(Task brief):
Among the entries below, find how many lines carry the word "thesis" and state only that figure.

═══ Data under study

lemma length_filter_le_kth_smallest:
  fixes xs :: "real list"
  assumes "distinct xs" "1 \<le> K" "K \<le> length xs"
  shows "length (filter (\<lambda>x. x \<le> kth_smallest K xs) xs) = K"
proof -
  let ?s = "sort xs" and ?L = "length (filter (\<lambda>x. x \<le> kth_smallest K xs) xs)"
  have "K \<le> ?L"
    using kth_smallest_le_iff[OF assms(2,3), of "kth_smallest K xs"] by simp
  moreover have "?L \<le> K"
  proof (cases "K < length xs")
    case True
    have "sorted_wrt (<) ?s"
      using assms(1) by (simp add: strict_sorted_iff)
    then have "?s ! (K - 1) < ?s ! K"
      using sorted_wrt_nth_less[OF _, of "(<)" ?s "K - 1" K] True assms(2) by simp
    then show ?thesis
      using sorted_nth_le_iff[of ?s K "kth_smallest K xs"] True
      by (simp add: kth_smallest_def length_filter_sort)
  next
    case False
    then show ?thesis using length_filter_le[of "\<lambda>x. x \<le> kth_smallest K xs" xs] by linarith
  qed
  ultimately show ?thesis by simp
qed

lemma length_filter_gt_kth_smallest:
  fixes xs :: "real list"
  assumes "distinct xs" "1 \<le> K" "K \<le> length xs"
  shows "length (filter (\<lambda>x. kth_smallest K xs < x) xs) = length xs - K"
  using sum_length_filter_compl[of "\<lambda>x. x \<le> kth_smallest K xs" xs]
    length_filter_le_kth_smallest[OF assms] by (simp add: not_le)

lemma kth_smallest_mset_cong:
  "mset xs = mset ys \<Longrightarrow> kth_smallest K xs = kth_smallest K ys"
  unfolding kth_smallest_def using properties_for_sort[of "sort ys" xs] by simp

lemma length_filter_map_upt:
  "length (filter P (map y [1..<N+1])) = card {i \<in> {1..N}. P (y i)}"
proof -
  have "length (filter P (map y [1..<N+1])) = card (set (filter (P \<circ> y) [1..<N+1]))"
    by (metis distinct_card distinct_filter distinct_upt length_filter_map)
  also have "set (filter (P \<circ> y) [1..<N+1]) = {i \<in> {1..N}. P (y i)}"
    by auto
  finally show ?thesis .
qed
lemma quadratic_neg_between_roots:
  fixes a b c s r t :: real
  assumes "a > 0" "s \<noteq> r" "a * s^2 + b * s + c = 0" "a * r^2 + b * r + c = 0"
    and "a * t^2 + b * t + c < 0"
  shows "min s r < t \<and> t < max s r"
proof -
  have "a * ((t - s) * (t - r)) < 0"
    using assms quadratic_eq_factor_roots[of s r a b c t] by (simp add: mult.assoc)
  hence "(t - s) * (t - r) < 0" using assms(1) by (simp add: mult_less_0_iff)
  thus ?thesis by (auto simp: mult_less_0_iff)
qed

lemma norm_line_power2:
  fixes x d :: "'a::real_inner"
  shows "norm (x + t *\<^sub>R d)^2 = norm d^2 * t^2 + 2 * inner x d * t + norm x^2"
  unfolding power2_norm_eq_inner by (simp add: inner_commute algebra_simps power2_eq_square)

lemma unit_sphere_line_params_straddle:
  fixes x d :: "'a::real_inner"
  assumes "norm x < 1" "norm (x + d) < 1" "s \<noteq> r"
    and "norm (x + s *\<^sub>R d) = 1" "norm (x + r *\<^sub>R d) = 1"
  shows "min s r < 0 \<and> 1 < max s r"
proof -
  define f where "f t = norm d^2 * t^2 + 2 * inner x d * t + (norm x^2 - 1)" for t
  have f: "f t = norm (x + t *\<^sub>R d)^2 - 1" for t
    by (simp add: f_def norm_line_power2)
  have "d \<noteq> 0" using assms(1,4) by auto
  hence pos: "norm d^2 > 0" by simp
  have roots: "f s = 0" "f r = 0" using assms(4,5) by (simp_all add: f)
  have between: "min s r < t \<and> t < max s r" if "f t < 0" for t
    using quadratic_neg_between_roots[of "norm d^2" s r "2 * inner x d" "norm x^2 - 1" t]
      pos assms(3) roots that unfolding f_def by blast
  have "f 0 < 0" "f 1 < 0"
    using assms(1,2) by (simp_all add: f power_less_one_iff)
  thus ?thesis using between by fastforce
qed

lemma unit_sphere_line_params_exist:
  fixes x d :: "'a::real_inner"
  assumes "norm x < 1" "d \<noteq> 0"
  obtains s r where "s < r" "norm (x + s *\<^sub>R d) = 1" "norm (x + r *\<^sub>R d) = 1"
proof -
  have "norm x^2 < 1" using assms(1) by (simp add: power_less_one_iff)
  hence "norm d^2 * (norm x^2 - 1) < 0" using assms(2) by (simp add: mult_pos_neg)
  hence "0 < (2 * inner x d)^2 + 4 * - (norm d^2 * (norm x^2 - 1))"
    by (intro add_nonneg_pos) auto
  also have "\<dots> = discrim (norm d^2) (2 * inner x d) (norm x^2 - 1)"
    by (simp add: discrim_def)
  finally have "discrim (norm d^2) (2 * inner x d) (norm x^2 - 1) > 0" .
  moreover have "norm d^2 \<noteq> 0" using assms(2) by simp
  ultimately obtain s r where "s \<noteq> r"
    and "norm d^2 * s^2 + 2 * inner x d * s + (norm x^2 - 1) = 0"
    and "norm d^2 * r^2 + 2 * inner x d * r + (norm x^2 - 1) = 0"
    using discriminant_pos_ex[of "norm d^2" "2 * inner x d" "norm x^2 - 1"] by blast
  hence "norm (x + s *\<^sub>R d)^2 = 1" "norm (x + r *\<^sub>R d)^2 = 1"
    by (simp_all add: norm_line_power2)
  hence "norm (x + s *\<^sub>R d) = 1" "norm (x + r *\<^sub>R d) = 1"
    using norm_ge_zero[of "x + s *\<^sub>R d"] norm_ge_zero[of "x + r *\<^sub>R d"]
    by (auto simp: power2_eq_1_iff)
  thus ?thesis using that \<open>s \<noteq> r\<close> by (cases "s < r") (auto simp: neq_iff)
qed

══════

(Response):
7